Even his list of music he would listen to from Neil Young, to Hendrix, to Cream, to later Beatles, and Paul Butterfield. And I would add the James Gang! The only element missing was the array of Black Light posters, which may have been specific to our set as Oppy, (aka Mike Oppenheimer), was a talented artist who would make forays into the canyons of NYC to sell his posters, (successfully).
But I digress. The point is how much I love the ocean, how healing it has been for me, and how at the first opportunity I had to be with my daughter at the beach I thrilled just to get her to feel the water. (She was willing but less thrilled as it was a bit cold.)
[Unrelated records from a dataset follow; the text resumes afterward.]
text \<open>A matrix of \<^const>\<open>Mset\<close> is the matrix of a self-map of the index set, so
  \<^term>\<open>P0 n \<omega>\<close> sends \<open>e\<^sub>j\<close> to \<open>e\<^sub>F\<^sub>(\<^sub>j\<^sub>)\<close>, where \<open>F\<close> composes the maps
  of \<open>\<omega> 0, \<dots>, \<omega> (n - 1)\<close>. Constant maps have positive probability, so almost surely
  one occurs at some time \<open>z \<ge> 0\<close> and at some time \<open>z < 0\<close>. After the first one
  ahead, every forward composite is constant. The backward composite of
  \<open>\<omega> (-n), \<dots>, \<omega> (-1)\<close> becomes constant once it contains the first constant map
  behind time 0, and from then on its value does not depend on \<open>n\<close>: this value is \<open>J\<close>.
  As a constant composite stays constant under further composition, the synchronization
  times are exactly the times beyond \<^const>\<open>N0_plus\<close> resp. \<^const>\<open>N0_minus\<close>.
  Uniform synchronization fails because the identity matrix occurs at all times
  \<open>0, \<dots>, c - 1\<close> with positive probability.\<close>

definition column_map :: "real^'k::finite^'k \<Rightarrow> 'k \<Rightarrow> 'k" where
  "column_map A j = (THE i. A$i$j = 1)"

definition matrix_of_map :: "('k::finite \<Rightarrow> 'k) \<Rightarrow> real^'k^'k" where
  "matrix_of_map g = (\<chi> i j. if i = g j then 1 else 0)"

lemma matrix_of_map_in_Mset: "matrix_of_map g \<in> Mset"
  unfolding Mset_def matrix_of_map_def by auto

lemma column_map_matrix_of_map [simp]: "column_map (matrix_of_map g) = g"
  unfolding column_map_def matrix_of_map_def by (intro ext the_equality) (auto split: if_splits)
(* Let $a\in\mathbb{R}$, $\delta>0$, and let $N\in\mathbb{N}$ satisfy $a-(n\pi)^2<-\delta$ for all $n>N$. Suppose $L=[\ell_0\ \ell_1\ \ldots\ \ell_N]^\top\in\mathbb{R}^{N+1}$ is such that there exists a positive-definite $Q\in\mathbb{R}^{(N+1)\times(N+1)}$ with $$Q(A+LC)+(A+LC)^\top Q<-2\delta Q.$$ Then for any initial value $\tilde\epsilon(\cdot,0)\in L^2(0,1)$ there exists a unique solution $\tilde\epsilon\in C([0,\infty);L^2(0,1))$ of $$\tilde\epsilon_t=\tilde\epsilon_{xx}+a\tilde\epsilon+\mathcal L(x)\tilde\epsilon(0,t),\quad \tilde\epsilon_x(0,t)=0,\quad \tilde\epsilon_x(1,t)=0,$$ and there is $M_2>0$ such that $\|\tilde\epsilon(\cdot,t)\|_{L^2(0,1)}\le M_2e^{-\delta t}\|\tilde\epsilon(\cdot,0)\|_{L^2(0,1)}$ for all $t\ge0$.
   Context: $\lambda_n=(n\pi)^2$, $\phi_0\equiv1$, $\phi_n(x)=\sqrt2\cos(n\pi x)$ ($n\ge1$); $A=\mathrm{diag}(a-\lambda_0,\ldots,a-\lambda_N)$, $C=[1\ \sqrt2\ \ldots\ \sqrt2]\in\mathbb{R}^{1\times(N+1)}$, and $\mathcal L(x)=\sum_{n=0}^N\ell_n\phi_n(x)$. *)

theory Defs
  imports "HOL-Analysis.Analysis"
begin

text \<open>Neumann eigenvalues and orthonormal eigenfunctions on (0,1).\<close>
definition lam :: "nat \<Rightarrow> real" where
  "lam n = (real n * pi)^2"

definition phi :: "nat \<Rightarrow> real \<Rightarrow> real" where
  "phi n x = (if n = 0 then 1 else sqrt 2 * cos (real n * pi * x))"

text \<open>Matrices of size (N+1)x(N+1) as functions nat => nat => real, indices 0..N.\<close>
definition Amat :: "real \<Rightarrow> nat \<Rightarrow> nat \<Rightarrow> real" where
  "Amat a i j = (if i = j then a - lam i else 0)"

definition Cvec :: "nat \<Rightarrow> real" where
  "Cvec j = (if j = 0 then 1 else sqrt 2)"

definition ALC :: "real \<Rightarrow> (nat \<Rightarrow> real) \<Rightarrow> nat \<Rightarrow> nat \<Rightarrow> real" where
  "ALC a l i j = Amat a i j + l i * Cvec j"

definition mmul :: "nat \<Rightarrow> (nat \<Rightarrow> nat \<Rightarrow> real) \<Rightarrow> (nat \<Rightarrow> nat \<Rightarrow> real) \<Rightarrow> nat \<Rightarrow> nat \<Rightarrow> real" where
  "mmul N P R i j = (\<Sum>k\<le>N. P i k * R k j)"

definition transp_mat :: "(nat \<Rightarrow> nat \<Rightarrow> real) \<Rightarrow> nat \<Rightarrow> nat \<Rightarrow> real" where
  "transp_mat P i j = P j i"

definition quad :: "nat \<Rightarrow> (nat \<Rightarrow> nat \<Rightarrow> real) \<Rightarrow> (nat \<Rightarrow> real) \<Rightarrow> real" where
  "quad N M x = (\<Sum>i\<le>N. \<Sum>j\<le>N. x i * M i j * x j)"

definition pos_def :: "nat \<Rightarrow> (nat \<Rightarrow> nat \<Rightarrow> real) \<Rightarrow> bool" where
  "pos_def N M \<longleftrightarrow> (\<forall>i\<le>N. \<forall>j\<le>N. M i j = M j i) \<and>
     (\<forall>x::nat \<Rightarrow> real. (\<exists>i\<le>N. x i \<noteq> 0) \<longrightarrow> quad N M x > 0)"

definition mat_less :: "nat \<Rightarrow> (nat \<Rightarrow> nat \<Rightarrow> real) \<Rightarrow> (nat \<Rightarrow> nat \<Rightarrow> real) \<Rightarrow> bool" where
  "mat_less N X Y \<longleftrightarrow> pos_def N (\<lambda>i j. Y i j - X i j)"

definition Lfun :: "nat \<Rightarrow> (nat \<Rightarrow> real) \<Rightarrow> real \<Rightarrow> real" where
  "Lfun N l x = (\<Sum>n\<le>N. l n * phi n x)"

definition L2 :: "(real \<Rightarrow> real) \<Rightarrow> bool" where
  "L2 f \<longleftrightarrow> f measurable_on {0..1} \<and> (\<lambda>x. (f x)^2) integrable_on {0..1}"

definition L2norm :: "(real \<Rightarrow> real) \<Rightarrow> real" where
  "L2norm f = sqrt (integral {0..1} (\<lambda>x. (f x)^2))"

text \<open>Solution in C([0,\<infinity>); L^2(0,1)) of
  e_t = e_xx + a e + L(x) e(0,t),  e_x(0,t) = e_x(1,t) = 0,  e(.,0) = e0,
  in the modal (weak, tested against the Neumann eigenfunctions phi_n) sense.
  The state is \<open>e x t\<close>.  For t > 0 the state is required to be continuous in x on [0,1]
  so that the point value e(0,t) is meaningful.\<close>
definition is_solution :: "real \<Rightarrow> nat \<Rightarrow> (nat \<Rightarrow> real) \<Rightarrow> (real \<Rightarrow> real) \<Rightarrow> (real \<Rightarrow> real \<Rightarrow> real) \<Rightarrow> bool" where
  "is_solution a N l e0 e \<longleftrightarrow>
     (\<forall>t\<ge>0. L2 (\<lambda>x. e x t)) \<and>
     (\<forall>t0\<ge>0. ((\<lambda>t. L2norm (\<lambda>x. e x t - e x t0)) \<longlongrightarrow> 0) (at t0 within {0..})) \<and>
     L2norm (\<lambda>x. e x 0 - e0 x) = 0 \<and>
     (\<forall>t>0. continuous_on {0..1} (\<lambda>x. e x t)) \<and>
     (\<forall>n. \<forall>t>0. ((\<lambda>s. integral {0..1} (\<lambda>x. e x s * phi n x)) has_real_derivative
         (a - lam n) * integral {0..1} (\<lambda>x. e x t * phi n x)
         + e 0 t * integral {0..1} (\<lambda>x. Lfun N l x * phi n x)) (at t))"

end

(*
  The cosines phi_n form a complete orthonormal system of L^2(0,1): orthonormality
  is a direct computation, completeness follows from Weierstrass approximation after the
  substitution y = cos (pi x), extended from continuous to all square-integrable functions by
  density (indicators of closed sets, then of measurable sets, then bounded and finally L^2
  functions). Testing the equation against phi_n gives the modal system
  c_n' = (a - lambda_n) c_n + l_n e(0,t), where l_n = 0 for n > N.

  The tail modes n > N are decoupled and decay faster than exp (-delta t). The head modes
  p = (c_0, ..., c_N) solve p' = (A + L C) p + L w(t), where w is the trace at x = 0 of the
  tail. The Lyapunov function p^T Q p decays at rate 2 delta up to a contribution of the input
  that is controlled by the integral of exp (2 delta t) w(t)^2, which is bounded by a multiple
  of the initial energy although w itself is singular at t = 0.

  Existence: the head part z of the trace solves a scalar Volterra equation (Picard iteration),
  and the modes are then given by the variation of constants formula. Uniqueness: the modes
  of the difference of two solutions vanish, the tail ones trivially and the head ones by the
  Lyapunov estimate with zero input.
*)

theory Submission
  imports Defs
begin

section \<open>Square-integrable functions on the unit interval\<close>

lemma L2_iff_borel_measurable:
  "L2 f \<longleftrightarrow> f \<in> borel_measurable (lebesgue_on {0..1}) \<and> (\<lambda>x. (f x)^2) integrable_on {0..1}"
  unfolding L2_def by (simp add: measurable_on_iff_borel_measurable)

lemma L2_borel_measurable: "L2 f \<Longrightarrow> f \<in> borel_measurable (lebesgue_on {0..1})"
  by (simp add: L2_iff_borel_measurable)

lemma L2_square_integrable: "L2 f \<Longrightarrow> (\<lambda>x. (f x)^2) integrable_on {0..1}"
  by (simp add: L2_iff_borel_measurable)

lemma L2_product_integrable:
  assumes "L2 f" "L2 g"
  shows "(\<lambda>x. f x * g x) integrable_on {0..1}"
proof (rule measurable_bounded_by_integrable_imp_integrable_real)
  show "(\<lambda>x. f x * g x) \<in> borel_measurable (lebesgue_on {0..1})"
    using assms by (simp add: L2_borel_measurable borel_measurable_times)
  show "(\<lambda>x. ((f x)^2 + (g x)^2) / 2) integrable_on {0..1}"
    using assms by (intro integrable_on_divide integrable_add L2_square_integrable)
  show "\<bar>f x * g x\<bar> \<le> ((f x)^2 + (g x)^2) / 2" for x
    using sum_squares_bound[of "\<bar>f x\<bar>" "\<bar>g x\<bar>"] by (simp add: abs_mult)
qed simp

lemma L2_add: "L2 f \<Longrightarrow> L2 g \<Longrightarrow> L2 (\<lambda>x. f x + g x)"
  unfolding L2_iff_borel_measurable power2_sum
  by (auto intro!: integrable_add L2_product_integrable integrable_on_mult_right
      simp: L2_iff_borel_measurable mult.assoc)

lemma L2_cmult: "L2 f \<Longrightarrow> L2 (\<lambda>x. c * f x)"
  unfolding L2_iff_borel_measurable power_mult_distrib
  by (auto intro!: integrable_on_mult_right borel_measurable_times)

lemma L2_diff: "L2 f \<Longrightarrow> L2 g \<Longrightarrow> L2 (\<lambda>x. f x - g x)"
  using L2_add[of f "\<lambda>x. - 1 * g x"] L2_cmult[of g "- 1"] by simp

lemma L2_sum: "finite A \<Longrightarrow> (\<And>i. i \<in> A \<Longrightarrow> L2 (f i)) \<Longrightarrow> L2 (\<lambda>x. \<Sum>i\<in>A. f i x)"
proof (induction A rule: finite_induct)
  case empty
  then show ?case by (simp add: L2_iff_borel_measurable integrable_0)
qed (simp add: L2_add)

lemma continuous_on_imp_L2: "continuous_on {0..1} f \<Longrightarrow> L2 f"
  unfolding L2_iff_borel_measurable
  by (auto intro!: integrable_continuous_interval continuous_intros integrable_imp_measurable)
Now, having moved to a Rhode Island beach town, (The Ocean State!) I think always of this coming summer and being at the ocean with Missy A. (aka Freedom Stark). With that in mind I signed us up for swim lesson at the Y and this past Sunday we had our first Daddy/Daughter time in the pool. I was so happy I could not stop smiling. Not only did she look incredibly happily cute in her bathing suit…
…but she seemed super comfortable in the water and wonderfully trusting of me as I moved through the water with her, coaching her to paddle a little, float on her back, and find her way around the pool. Just rocking back and forth in the water with her established a connection that was both peaceful and electric at the same time. Jen was nearby and yet Missy A. was happy in my arms. For a Dad, with a daughter who spends most of her time with mom, and is rightfully most comfortable and safe in her arms, her contentment with me was both surprising and fulfilling. Surprising in that I thought at some point she would gravitate to mom but did not. Fulfilling emotionally and in many ways spiritually. I felt not just “my” connection with my daughter but also that she knew (somehow!) that I was in my element and that I was happy and that she was safe with me. In fact Jen, my ever intuitive wife insisted that I be the one in the pool with her knowing the above would come to pass.
I can’t wait to be back in the pool with her, and although there is a lot more winter to go, I am already excited about our family’s first days at the beach this summer….mmmm..make that this spring!